KHALIL GIBRAN - VON DER FREIHEIT
Freiheit
Und ein Redner sagte: Sprich uns von der Freiheit.
Und er antwortete:
Am Stadttor und an eurem Herd habe ich gesehen, wie ihr euch niederwerft
und eure Freiheit anbetet, wie Skla., die sich vor einem Tyrannen erniedrigen
und ihn preisen, obwohl er sie erschlägt.
Ja, im Tempelhain und im Schatten der Zitadelle
habe ich die Freiesten unter euch
ihre Freiheit wie ein Joch und eine Fessel tragen sehen.
Und mir blutete das Herz, denn ihr könnt nur frei sein,
wenn euch euer Freiheitsdrang selbst zügelt,
und wenn ihr aufhört, von Freiheit als Ziel und Erfüllung zu reden.
Nicht, wenn eure Tage ohne Sorge und eure Nächte frei von Not und Kummer sind,
werdet ihr wirklich frei sein, sondern erst dann,
wenn Sorge, Not und Kummer euer Leben umklammern,
und ihr euch dennoch frei und ungebunden über sie erhebt.
Und wie wollt ihr euch über eure Tage und Nächte erheben,
wenn ihr nicht die Ketten sprengt,
die ihr im ersten Unverstand eurem jetzigen Leben angelegt habt?

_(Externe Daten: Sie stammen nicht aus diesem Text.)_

(* Let $\hat\pi=(\hat\pi_h)_{h=1}^H$ be any chunking policy and $\sigma>0$. Then the smoothed policy $\hat\pi_\sigma$ is $\gamma_{\mathrm{TVC}}$-TVC with $\gamma_{\mathrm{TVC}}(u)=\dfrac{u\sqrt{2\tau_o-1}}{2\sigma}$, i.e. for all $h$ and all $o,o'\in\mathcal{O}$, $\mathrm{TV}(\hat\pi_{\sigma,h}(o),\hat\pi_{\sigma,h}(o'))\le \frac{\sqrt{2\tau_o-1}}{2\sigma}\,d_{\mathrm{traj}}(o,o')$.
   Context: Let $\mathcal{O}=(\mathbb{R}^{d_x})^{\tau_o}\times(\mathbb{R}^{d_u})^{\tau_o-1}$ be the space of observation chunks $o=(x_{1:\tau_o},u_{1:\tau_o-1})$, identified with a Euclidean space, and $\mathcal{A}$ a Polish space of composite actions. A chunking policy is a sequence of probability kernels $\hat\pi_h:\mathcal{O}\to\Delta(\mathcal{A})$, $h=1,\dots,H$. The smoothed policy $\hat\pi_\sigma$ has $\hat\pi_{\sigma,h}(o)$ equal to the law of $a\sim\hat\pi_h(\tilde o)$ where $\tilde o\sim\mathcal{N}(o,\sigma^2I)$. For $o,o'\in\mathcal{O}$, $d_{\mathrm{traj}}(o,o')=\max_k\|x_k-x'_k\|\vee\max_k\|u_k-u'_k\|$ (Euclidean norms). $\mathrm{TV}$ is total variation distance. *)

theory Defs
  imports "HOL-Probability.Probability"
begin

type_synonym ('x, 'u) obs = "(nat \<Rightarrow> 'x) \<times> (nat \<Rightarrow> 'u)"

text \<open>Observation chunks o = (x_{1..tau}, u_{1..tau-1}) with x_k in 'x = R^dx, u_k in 'u = R^du.
  The measurable space is the product of Lebesgue--Borel measures on the coordinates.\<close>
definition obs_measure :: "nat \<Rightarrow> ('x::euclidean_space, 'u::euclidean_space) obs measure" where
  "obs_measure \<tau> = (\<Pi>\<^sub>M k\<in>{1..\<tau>}. lborel) \<Otimes>\<^sub>M (\<Pi>\<^sub>M k\<in>{1..\<tau>-1}. lborel)"

definition obs_dist2 :: "nat \<Rightarrow> ('x::euclidean_space, 'u::euclidean_space) obs \<Rightarrow> ('x, 'u) obs \<Rightarrow> real" where
  "obs_dist2 \<tau> ob ob' = (\<Sum>k\<in>{1..\<tau>}. (norm (fst ob k - fst ob' k))\<^sup>2)
                        + (\<Sum>k\<in>{1..\<tau>-1}. (norm (snd ob k - snd ob' k))\<^sup>2)"

definition obs_dim :: "nat \<Rightarrow> ('x::euclidean_space \<times> 'u::euclidean_space) itself \<Rightarrow> nat" where
  "obs_dim \<tau> _ = \<tau> * DIM('x) + (\<tau> - 1) * DIM('u)"

definition gauss_obs :: "nat \<Rightarrow> real \<Rightarrow> ('x::euclidean_space, 'u::euclidean_space) obs \<Rightarrow> ('x, 'u) obs measure" where
  "gauss_obs \<tau> \<sigma> ob = density (obs_measure \<tau>)
     (\<lambda>y. ennreal ((2 * pi * \<sigma>\<^sup>2) powr (- real (obs_dim \<tau> TYPE('x \<times> 'u)) / 2)
                    * exp (- obs_dist2 \<tau> y ob / (2 * \<sigma>\<^sup>2))))"

definition smoothed_policy :: "nat \<Rightarrow> real \<Rightarrow> (nat \<Rightarrow> ('x::euclidean_space, 'u::euclidean_space) obs \<Rightarrow> 'a measure)
     \<Rightarrow> nat \<Rightarrow> ('x, 'u) obs \<Rightarrow> 'a measure" where
  "smoothed_policy \<tau> \<sigma> \<pi> h ob = gauss_obs \<tau> \<sigma> ob \<bind> \<pi> h"

definition tv_dist :: "'a measure \<Rightarrow> 'a measure \<Rightarrow> real" where
  "tv_dist P Q = (SUP A\<in>sets P. \<bar>measure P A - measure Q A\<bar>)"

In Wahrheit ist das, was ihr Freiheit nennt, die stärkste dieser Ketten,
wenn auch ihre Glieder in der Sonne glitzern und euch blenden.
Und was sonst als Teile eures Ichs wollt ihr verwerfen,
um frei zu werden?
Wenn es ein ungerechtes Gesetz ist, das ihr abschaffen wollt,
dann habt ihr es mit eigener Hand auf die Stirn geschrieben.

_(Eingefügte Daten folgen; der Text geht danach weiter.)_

(* Let $\theta\in\mathbb{R}$, $q=e^{2\pi i\theta}$, let $A_\theta$ be the unital $\mathbb{C}$-algebra generated by invertible $U,V$ with $UV=qVU$, and let $R=\mathbb{C}[U,U^{-1}]\subset A_\theta$ with $\mathfrak s=\mathfrak t:R\to A_\theta$ the inclusion. Define $\Delta(U^nV^m)=U^nV^m\otimes_R V^m$ and $\varepsilon(U^nV^m)=U^n$ (extended linearly). Then: (1) $(A_\theta,\mathfrak s,\mathfrak t,\Delta,\varepsilon)$ is a left $\times_R$-Hopf algebra, i.e. a left $R$-bialgebroid for which $\nu:A_\theta\otimes_{R^{op}}A_\theta\to A_\theta\otimes_R A_\theta$, $k\otimes k'\mapsto k_{(1)}\otimes_R k_{(2)}k'$, is bijective; (2) the map $\delta:A_\theta\to R$, $\delta(U^nV^m)=q^{nm}U^n$, is a right character; (3) $R$ with the right action $U^k\triangleleft U^nV^m=q^{(k+n)m}U^{k+n}$ and the coaction $U^n\mapsto U^n\otimes_R1$ is a right-left SAYD module ${}^1R_\delta$ over $A_\theta$.
   Context: A left $R$-bialgebroid is a $\mathbb{C}$-algebra $\mathcal K$ with algebra maps $\mathfrak s:R\to\mathcal K$, $\mathfrak t:R^{op}\to\mathcal K$ with commuting ranges, $R$-bimodule structure $r_1\cdot k\cdot r_2=\mathfrak s(r_1)\mathfrak t(r_2)k$, and $R$-bimodule maps $\Delta(k)=k_{(1)}\otimes_R k_{(2)}$, $\varepsilon:\mathcal K\to R$ forming a coassociative counital $R$-coring, with $k_{(1)}\mathfrak t(r)\otimes_R k_{(2)}=k_{(1)}\otimes_R k_{(2)}\mathfrak s(r)$, $\Delta(1)=1\otimes_R1$, $\Delta(kk')=k_{(1)}k'_{(1)}\otimes_R k_{(2)}k'_{(2)}$, $\varepsilon(1)=1_R$, $\varepsilon(kk')=\varepsilon(k\mathfrak s(\varepsilon(k')))$. It is a left $\times_R$-Hopf algebra if $\nu$ (domain balanced by $k\mathfrak t(r)\otimes k'=k\otimes\mathfrak t(r)k'$) is bijective; write $\nu^{-1}(k\otimes_R1)=k^-\otimes_{R^{op}}k^+$. A right character is a map $\delta:\mathcal K\to R$ with $\delta(k\mathfrak s(r))=\delta(k)r$, $\delta(k_1k_2)=\delta(\mathfrak s(\delta(k_1))k_2)$, $\delta(1)=1_R$. A right-left SAYD module over $\mathcal K$: a right $\mathcal K$-module and left $\mathcal K$-comodule $M$ (coaction $m\mapsto m_{(-1)}\otimes_R m_{(0)}$, left $R$-linear, coassociative, counital) with left $R$-action $r\cdot m=m\mathfrak t(r)$ and $\varepsilon(m_{(-1)}\mathfrak s(r))\cdot m_{(0)}=m\mathfrak s(r)$, satisfying $(mk)_{(-1)}\otimes_R(mk)_{(0)}=k_{(2)}{}^{+}m_{(-1)}k_{(1)}\otimes_R m_{(0)}k_{(2)}{}^{-}$ and $m_{(0)}m_{(-1)}=m$. *)

theory Defs
  imports Complex_Main "HOL-Library.Product_Lexorder"
begin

Ihr könnt es nicht tilgen, indem ihr eure Gesetzbücher verbrennt,
oder es von den Stirnen eurer Richter spült,
selbst wenn ihr das Meer auf sie schüttet.
Und ist es ein Despot, den ihr vom Thron stürzen wollt,
dann zertrümmert zuerst seinen Thron, den ihr in euch errichtet habt.

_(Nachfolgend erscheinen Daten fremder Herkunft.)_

(* Let $n$ be the number of workers, let $p,k_A,k_B$ be positive integers, and let $q$ be an odd integer with $q\ge n>2k_Ak_Bp-1$; $\theta=2\pi/q$. Let $\mathbf{A}\in\mathbb{R}^{t\times r}$ be partitioned into $2p$ block-rows and $k_A$ block-columns, with blocks $\mathbf{A}_{(\langle i,l\rangle,j)}$, $i\in\{0,\dots,p-1\}$, $l\in\{0,1\}$, $j\in\{0,\dots,k_A-1\}$, and $\mathbf{B}\in\mathbb{R}^{t\times w}$ into $2p$ block-rows and $k_B$ block-columns, blocks $\mathbf{B}_{(\langle i,l\rangle,j)}$; each block has $\zeta=t/(2p)$ rows. Worker $k\in\{0,\dots,n-1\}$ stores $$\hat{\mathbf{A}}_k=\sum_{i=0}^{p-1}\sum_{j=0}^{k_A-1}\big(\mathbf{R}_{-\theta}^{k((j-1)p+i+1)}\otimes\mathbf{I}_\zeta\big)\begin{bmatrix}\mathbf{A}_{(\langle i,0\rangle,j)}\\ \mathbf{A}_{(\langle i,1\rangle,j)}\end{bmatrix},\quad \hat{\mathbf{B}}_k=\sum_{i=0}^{p-1}\sum_{j=0}^{k_B-1}\big(\mathbf{R}_{\theta}^{k(p-1-i+jpk_A)}\otimes\mathbf{I}_\zeta\big)\begin{bmatrix}\mathbf{B}_{(\langle i,0\rangle,j)}\\ \mathbf{B}_{(\langle i,1\rangle,j)}\end{bmatrix}$$ and returns $\hat{\mathbf{A}}_k^T\hat{\mathbf{B}}_k$. Then the threshold of the scheme is $2pk_Ak_B-1$, i.e. $\mathbf{A}^T\mathbf{B}$ can be recovered from the results of any $2pk_Ak_B-1$ workers, and the worst-case condition number of the recovery matrices is upper bounded by $O(q^{\,q-2pk_Ak_B+1+c_1})$, $c_1=5.5$.
   Context: $\mathbf{R}_\phi=\begin{bmatrix}\cos\phi&-\sin\phi\\ \sin\phi&\cos\phi\end{bmatrix}$, $\otimes$ is the Kronecker product, $\omega_q=e^{\mathrm{i}2\pi/q}$. For responding workers $i_0,\dots,i_{\tau-1}$ ($\tau=2pk_Ak_B-1$), the recovery matrix is the $\tau\times\tau$ complex matrix $\mathbf{G}^{vand}_{\mathcal I}$ whose rows are indexed by $e=-(pk_Ak_B-1),\dots,pk_Ak_B-1$ and whose $(e,b)$ entry is $\omega_q^{e\,i_b}$; the decoder solves systems $\hat{\mathbf{m}}\,\mathbf{G}^{vand}_{\mathcal I}=\mathbf{c}$ for each entry position of the outputs. $\kappa(\mathbf{M})=\|\mathbf{M}\|\|\mathbf{M}^{-1}\|$ with $\|\cdot\|$ the largest singular value. *)

theory Defs
  imports Complex_Main
begin

text \<open>Matrices are functions nat => nat => 'a; dimensions are carried explicitly.\<close>

definition mmul :: "nat \<Rightarrow> (nat \<Rightarrow> nat \<Rightarrow> 'a::comm_semiring_1) \<Rightarrow> (nat \<Rightarrow> nat \<Rightarrow> 'a) \<Rightarrow> nat \<Rightarrow> nat \<Rightarrow> 'a"
  where "mmul k M N a b = (\<Sum>c<k. M a c * N c b)"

Denn wie kann ein Tyrann die Freien und Stolzen regieren,
so sie nicht ihre eigene Freiheit tyrannisieren und sich ihres eigenen Stolzes schämen?
Und wollt ihr einen Kummer vertreiben,
dann eher den, der von euch kommt als den euch auferlegten.
Und ist es eine Furcht, die ihr verbannen wollt,
dann eher jene, die in eurem Herzen ist und nicht in der Hand des Gefürchteten.
Wahrlich, all dies umschlingt sich ständig in euch,
das Ersehnte und das Gefürchtete, das Abstoßende und das hoch Geschätzte,
das was ihr erstreben und das, was ihr meiden wollt.
All das regt sich in euch wie Licht und Schatten,
die wie ein Paar einander verbunden sind.
Und wenn der Schatten weicht,
dann wird das Restlicht Schatten eines anderen Lichts.
Und so wird eure Freiheit ohne Banden selbst zur Fessel einer größeren Freiheit.